When I was small, the world was what my parents told me it was, and then I grew and my perspective shifted. I thought about my son, how he might remember his own early childhood, and it all sort of unfolded from there. I probably returned to the stars in Hattiesburg because of the glittery ceiling. I love my grandparents’ house; my father never lost his temper or became violent when we were there. It was a safe place. I can remember it better than the numerous places I've lived since. I would hesitate to call this piece creative nonfiction even though I was using the landscape of my childhood for it, and his, because all of it is not "true" or factual.
What is your favorite dietary pleasure?
I'm the sort who goes through cravings; I listen to the same song over and over again, or decide to wear the same cowgirl boots all season until I can't look at them anymore. I do this with food also. One winter break I sipped mulled wine at night and binged-watched every Vampire television series I could find on Netflix. Frito pie. Scrambled eggs with mayonnaise, the way my grandmother used to make them, with jalapeño preserves on dry toast. I'll go through a whole season craving something, eating it daily, and then the weather will change and that craving is gone. But coffee is the one constant craving. Coffee with cinnamon and Kerry Gold butter, Coffee with a little vanilla, coconut milk and coffee, any kind of frothy fancy coffee drink, black coffee with brown sugar. I just will never stop needing and wanting coffee.
You’ve just discovered a new planet. What are you going to name it?
Truthfully, I'd probably enlist my children in this, and there would be a big debate, and would try to talk my daughter down from a name like Pink Princess Marshmallow Toes. We have a water snail named Elsa Blue. That's rather pretty.

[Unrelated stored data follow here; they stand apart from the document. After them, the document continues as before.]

lemma avoid_inj:
  fixes a b :: "'a::finite"
  assumes ab: "a \<noteq> b"
  shows "avoid a \<noteq> avoid b"
proof
  assume "avoid a = avoid b"
  then have "avoid a a = avoid b a" by simp
  then show False using ab card_ge_2_if_distinct[OF ab] by (simp add: avoid_def)
qed

lemma (in prob_space) expected_disagreeing_pairs:
  fixes X :: "'i::finite \<Rightarrow> 'a \<Rightarrow> 'i"
  assumes meas[measurable]: "\<And>a. X a \<in> measurable M (count_space UNIV)"
    and avoids: "\<And>a. AE \<omega> in M. X a \<omega> \<noteq> a"
  shows "2 * (real CARD('i) - 1) \<le> (\<Sum>ab\<in>{(a, b). a \<noteq> b}. prob {\<omega> \<in> space M. X (fst ab) \<omega> \<noteq> X (snd ab) \<omega>})"
proof -
  define Off where "Off = {(a, b). (a::'i) \<noteq> b}"
  define D where "D ab = {\<omega> \<in> space M. X (fst ab) \<omega> \<noteq> X (snd ab) \<omega>}" for ab
  have D_events: "D ab \<in> events" for ab unfolding D_def by measurable
  have "AE \<omega> in M. \<forall>a. X a \<omega> \<noteq> a" using avoids by (simp add: AE_all_countable)
  then have "AE \<omega> in M. 2 * (real CARD('i) - 1) \<le> (\<Sum>ab\<in>Off. indicator (D ab) \<omega>)"
  proof (rule AE_mp, intro AE_I2 impI)
    fix \<omega> assume \<omega>: "\<omega> \<in> space M" and no_fixpoint: "\<forall>a. X a \<omega> \<noteq> a"
    have "{ab \<in> Off. \<omega> \<in> D ab} = {(a, b). X a \<omega> \<noteq> X b \<omega>}"
      using \<omega> by (auto simp: Off_def D_def)
    then have "(\<Sum>ab\<in>Off. indicator (D ab) \<omega>) = real (card {(a, b). X a \<omega> \<noteq> X b \<omega>})"
      by (simp add: indicator_def of_bool_def[symmetric] Int_def)
    moreover have "2 * (CARD('i) - 1) \<le> card {(a, b). X a \<omega> \<noteq> X b \<omega>}"
      using card_disagreeing_pairs[of "\<lambda>a. X a \<omega>"] no_fixpoint by simp
    ultimately show "2 * (real CARD('i) - 1) \<le> (\<Sum>ab\<in>Off. indicator (D ab) \<omega>)"
      by (simp add: of_nat_diff)
  qed
  then have "expectation (\<lambda>_. 2 * (real CARD('i) - 1)) \<le> expectation (\<lambda>\<omega>. \<Sum>ab\<in>Off. indicator (D ab) \<omega>)"
    using D_events
    by (intro integral_mono_AE) (auto simp: less_top[symmetric])
  also have "\<dots> = (\<Sum>ab\<in>Off. prob (D ab))"
    using D_events
    by (subst Bochner_Integration.integral_sum) (auto simp: less_top[symmetric])
  finally show ?thesis by (simp add: Off_def D_def prob_space)
qed

text \<open>Part (2): apply the previous lemma to X a = Z (avoid a) and average over the N(N-1) pairs; some
  pair disagrees with probability at least 2/N = 2(1 - 1/N) times the distance 1/(N-1).\<close>

lemma coupling_lower_bound:
  fixes M :: "'b measure" and Z :: "('a::finite \<Rightarrow> real) \<Rightarrow> 'b \<Rightarrow> 'a"
  assumes N: "CARD('a) \<ge> 2" and M: "prob_space M"
    and Z: "\<forall>p. is_prob p \<longrightarrow> Z p \<in> measurable M (count_space UNIV) \<and>
                     (\<forall>a. measure M {\<omega> \<in> space M. Z p \<omega> = a} = p a)"
  shows "\<exists>p q. is_prob p \<and> is_prob q \<and> p \<noteq> q \<and>
                measure M {\<omega> \<in> space M. Z p \<omega> \<noteq> Z q \<omega>}
                  \<ge> 2 * (1 - 1 / real CARD('a)) * tv_dist p q"
proof -
  interpret prob_space M by (rule M)
  define X where "X a = Z (avoid a)" for a
  have X_meas: "X a \<in> measurable M (count_space UNIV)" for a
    using Z is_prob_avoid[OF N] by (simp add: X_def)
  have X_avoids: "AE \<omega> in M. X a \<omega> \<noteq> a" for a
  proof -
    have "prob {\<omega> \<in> space M. X a \<omega> = a} = 0"
      using Z is_prob_avoid[OF N, of a] by (simp add: X_def avoid_def)
    moreover have "{\<omega> \<in> space M. X a \<omega> = a} \<in> events"
      using X_meas by measurable
    ultimately show ?thesis by (simp add: prob_eq_0)
  qed
  have card_pairs: "card {(a, b). (a::'a) \<noteq> b} = CARD('a) * (CARD('a) - 1)"
  proof -
    have "{(a, b). (a::'a) \<noteq> b} = Sigma UNIV (\<lambda>a. UNIV - {a})" by auto
    then show ?thesis by (simp add: card_SigmaI card_Diff_singleton)
  qed
  then have "{(a, b). (a::'a) \<noteq> b} \<noteq> {}" using N by (intro notI) simp
  from exists_ge_average[OF _ this expected_disagreeing_pairs[OF X_meas X_avoids]]
  obtain ab where "ab \<in> {(a, b). (a::'a) \<noteq> b}"
    and "2 * (real CARD('a) - 1) / real (card {(a, b). (a::'a) \<noteq> b})
           \<le> prob {\<omega> \<in> space M. X (fst ab) \<omega> \<noteq> X (snd ab) \<omega>}"
    by auto
  moreover have "2 * (real CARD('a) - 1) / real (card {(a, b). (a::'a) \<noteq> b}) = 2 / real CARD('a)"
    using N by (simp add: card_pairs of_nat_diff field_simps)
  ultimately obtain a b where ab: "a \<noteq> b"
    and far: "2 / real CARD('a) \<le> prob {\<omega> \<in> space M. X a \<omega> \<noteq> X b \<omega>}"
    by auto
  have "2 * (1 - 1 / real CARD('a)) * tv_dist (avoid a) (avoid b) = 2 / real CARD('a)"
    using N tv_dist_avoid[OF ab] by (simp add: field_simps)
  then show ?thesis
    using is_prob_avoid[OF N] avoid_inj[OF ab] far unfolding X_def by metis
qed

Which is your favorite season: Winter, Spring, Summer, or Fall?
Fall. And this is odd, because I think just about every terrible thing that ever happened to me happened in the fall, or the end of summer. Maybe that's part of it. But I love it. I love cardigans, getting new light-up shoes for the kids, and all the mustering up I do before the beginning of the new semester. I love the end of a long, lethargic summer. Fall is cozy boots and flannel, but not too cold, not death yet. Also, it's the best time to read Wuthering Heights, watch horror films, wear the color mustard, or be in love.